I am very sorry to learn that sometime between 2007 and today, I was robbed of my favorite Diplomat-mocking talking point. It is no longer true, as it was then, that the post differential (that’s hardship pay) for Tbilisi was the same as Kabul and Baghdad. Back then both posts would net you 35% on top of your base. To be fair, this was before the Russians came stomping through, but even after they did, the idea of Tbilisi existing in the same threat universe as those active war zones was a joke.
Teasing a seasoned Embassy guy on this very point, I was treated to an unfortunate sense of humor failure. “Well, life can be very uncomfortable here,” he said. Of course this is also perfectly true for the entire population of Oklahoma and nobody’s topping them up to keep American boots on the ground, although I’d think they’d need more incentive. “The power still isn’t that great,” he went on, cataloguing his woes. “International flights all leave at 3 and 4 in the morning. There are no Western grocery stores.” My hand flew to my heart. “You’re right!” I gasped. “Thank you for your service to our country!” I joke. I did not say that.

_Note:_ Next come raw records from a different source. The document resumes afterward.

theorem bilateral_sum_terminating:
  assumes hq: "0 < norm q" "norm q < 1" and nz: "a \<noteq> 0" "b \<noteq> 0" "c \<noteq> 0" "d \<noteq> 0" "e \<noteq> 0"
    and N: "a = q^Suc N \<or> b = q^Suc N \<or> c = q^Suc N"
    and ha: "\<And>i. a*q^i \<noteq> 1" and hw: "\<And>w i. w \<in> {b,c,d,e} \<Longrightarrow> w*q^i \<noteq> 1"
    and h2: "\<And>i. q^2/(a*b*c) * q^i \<noteq> 1" and hinf: "qpinf (a*b*c/q) q \<noteq> 0"
  shows "summable (balanced_term q a b c d e)"
    and "(bilateral_term q a b c d e has_sum (watson_factor q a b c / (1 - a) * suminf (balanced_term q a b c d e))) UNIV"
proof -
  have q0: "q \<noteq> 0" using hq by auto
  have Sz: "balanced_term q a b c d e k = 0" if "k \<notin> {..N}" for k
    using N that q0 by (auto simp: balanced_term_def qpoch_nat_terminates)
  show "summable (balanced_term q a b c d e)"
    by (rule summable_finite[of "{..N}"]) (simp_all add: Sz)
  have suminf: "suminf (balanced_term q a b c d e) = (\<Sum>k\<le>N. balanced_term q a b c d e k)"
    by (rule suminf_finite) (simp_all add: Sz)
  have hw': "w*q^Suc i \<noteq> 1" if "w \<in> {a,b,c,d,e}" for w i
    using that ha[of "Suc i"] hw[of _ "Suc i"] by blast
  have W: "(\<Sum>m\<le>N. vwp_series_term q a b c d e m)
      = watson_factor q a b c * (\<Sum>k\<le>N. balanced_term q a b c d e k)"
    by (rule watson_terminating_any[OF hq nz N hw']) (use h2 hinf in auto)
  have "(\<Sum>m\<le>N. vwp_series_term q a b c d e m / (1 - a))
      = watson_factor q a b c / (1 - a) * suminf (balanced_term q a b c d e)"
    unfolding sum_divide_distrib[symmetric] W suminf by simp
  with bilateral_has_sum[OF nz q0 ha hw N]
  show "(bilateral_term q a b c d e has_sum (watson_factor q a b c / (1 - a) * suminf (balanced_term q a b c d e))) UNIV"
    by simp
qed

theorem mainTheorem6:
  fixes q a b c d e :: complex
  assumes hq: "0 < norm q" "norm q < 1"
    and hnz: "a \<noteq> 0" "b \<noteq> 0" "c \<noteq> 0" "d \<noteq> 0" "e \<noteq> 0"
    and hqn: "\<exists>n::nat. 1 \<le> n \<and> (a = q ^ n \<or> b = q ^ n \<or> c = q ^ n)"
    and hnum: "\<forall>x\<in>{q/a, q/b, q/c, q/d, q/e}. \<forall>i::nat. 1 \<le> i \<longrightarrow> x / q ^ i \<noteq> 1"
    and hden: "\<forall>x\<in>{a, b*q, c*q, d*q, e*q}. \<forall>i::nat. x * q ^ i \<noteq> 1"
    and hden2: "\<forall>i::nat. (q^2 / (a*b*c)) * q ^ i \<noteq> 1"
    and hinf: "qpinf (a*b*c/q) q \<noteq> 0"
  shows "summable (\<lambda>k::nat.
            qpoch (q/a) q k * qpoch (q/b) q k * qpoch (q/c) q k * qpoch (d*e) q k
            / (qpoch q q k * qpoch (q^2/(a*b*c)) q k * qpoch (d*q) q k * qpoch (e*q) q k)
            * q ^ k)
       \<and> ((\<lambda>k::int.
            qpoch (q/a) q k * qpoch (q/b) q k * qpoch (q/c) q k * qpoch (q/d) q k * qpoch (q/e) q k
            / (qpoch a q k * qpoch (b*q) q k * qpoch (c*q) q k * qpoch (d*q) q k * qpoch (e*q) q k)
            * (a*b*c*d*e/q) powi k)
          has_sum
           (qpinf q q * qpinf (a*b) q * qpinf (b*c) q * qpinf (a*c) q
            / (qpinf a q * qpinf (b*q) q * qpinf (c*q) q * qpinf (a*b*c/q) q)
            * (\<Sum>k::nat.
               qpoch (q/a) q k * qpoch (q/b) q k * qpoch (q/c) q k * qpoch (d*e) q k
               / (qpoch q q k * qpoch (q^2/(a*b*c)) q k * qpoch (d*q) q k * qpoch (e*q) q k)
               * q ^ k))) UNIV"
proof -
  have q0: "q \<noteq> 0" using hq by auto
  have ha: "a*q^i \<noteq> 1" for i
    using hden by simp
  have hw: "w*q^i \<noteq> 1" if "w \<in> {b,c,d,e}" for w i
  proof (cases i)
    case 0
    have "(q/w) / q^1 \<noteq> 1"
      using hnum that by blast
    with 0 q0 show ?thesis by auto
  next
    case (Suc j)
    then show ?thesis
      using hden that by (auto simp: mult.assoc)
  qed
  obtain n where n: "1 \<le> n" "a = q^n \<or> b = q^n \<or> c = q^n"
    using hqn by blast
  then have N: "a = q^Suc (n - 1) \<or> b = q^Suc (n - 1) \<or> c = q^Suc (n - 1)"
    by simp
  have "watson_factor q a b c / (1 - a) = qpinf q q * qpinf (a*b) q * qpinf (b*c) q * qpinf (a*c) q
      / (qpinf a q * qpinf (b*q) q * qpinf (c*q) q * qpinf (a*b*c/q) q)"
    using qpinf_split[OF hq(2), of a 1] by (simp add: watson_factor_def qpoch_nat_Suc mult_ac)
  with bilateral_sum_terminating[OF hq hnz N ha hw hden2[rule_format] hinf] show ?thesis
    by (simp add: balanced_term_def[abs_def] bilateral_term_def[abs_def] qpoch_of_nat)
qed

In any case, it’s no longer true. Georgia’s bumped down to the likes of Nigeria and Angola in the official U.S. Government pain-in-the-ass scale. It’s hard to say exactly what knocked it down to the 25% bracket. The flights still leave at ungodly hours. But the Western grocery stores have arrived in force. To wit:
I used to scorn such things as comfort and 24 hour electricity. Live on the frontier! I thought. But after much aging and soul searching over dark and fitful nights, I have concluded that I very much like beautiful places where people are paid to be nice to me. And hand me free samples of exfoliating masks. Which is why I have made the financially foolish but mentally healthy decision to work out in a locale that may ALSO be responsible for that little ding in the hardship scale. It looks like this:
Not pictured: me working VERY HARD I swear in the other room. The one with the treadmills and what not.
But in my private life, I still fight the fight for the 25%. I duck from flying rodents. I get the sardine treatment on the bus. I cook over a glorified zippo lighter. And I go a-guesting to receive notes like that one below. Hanging tough.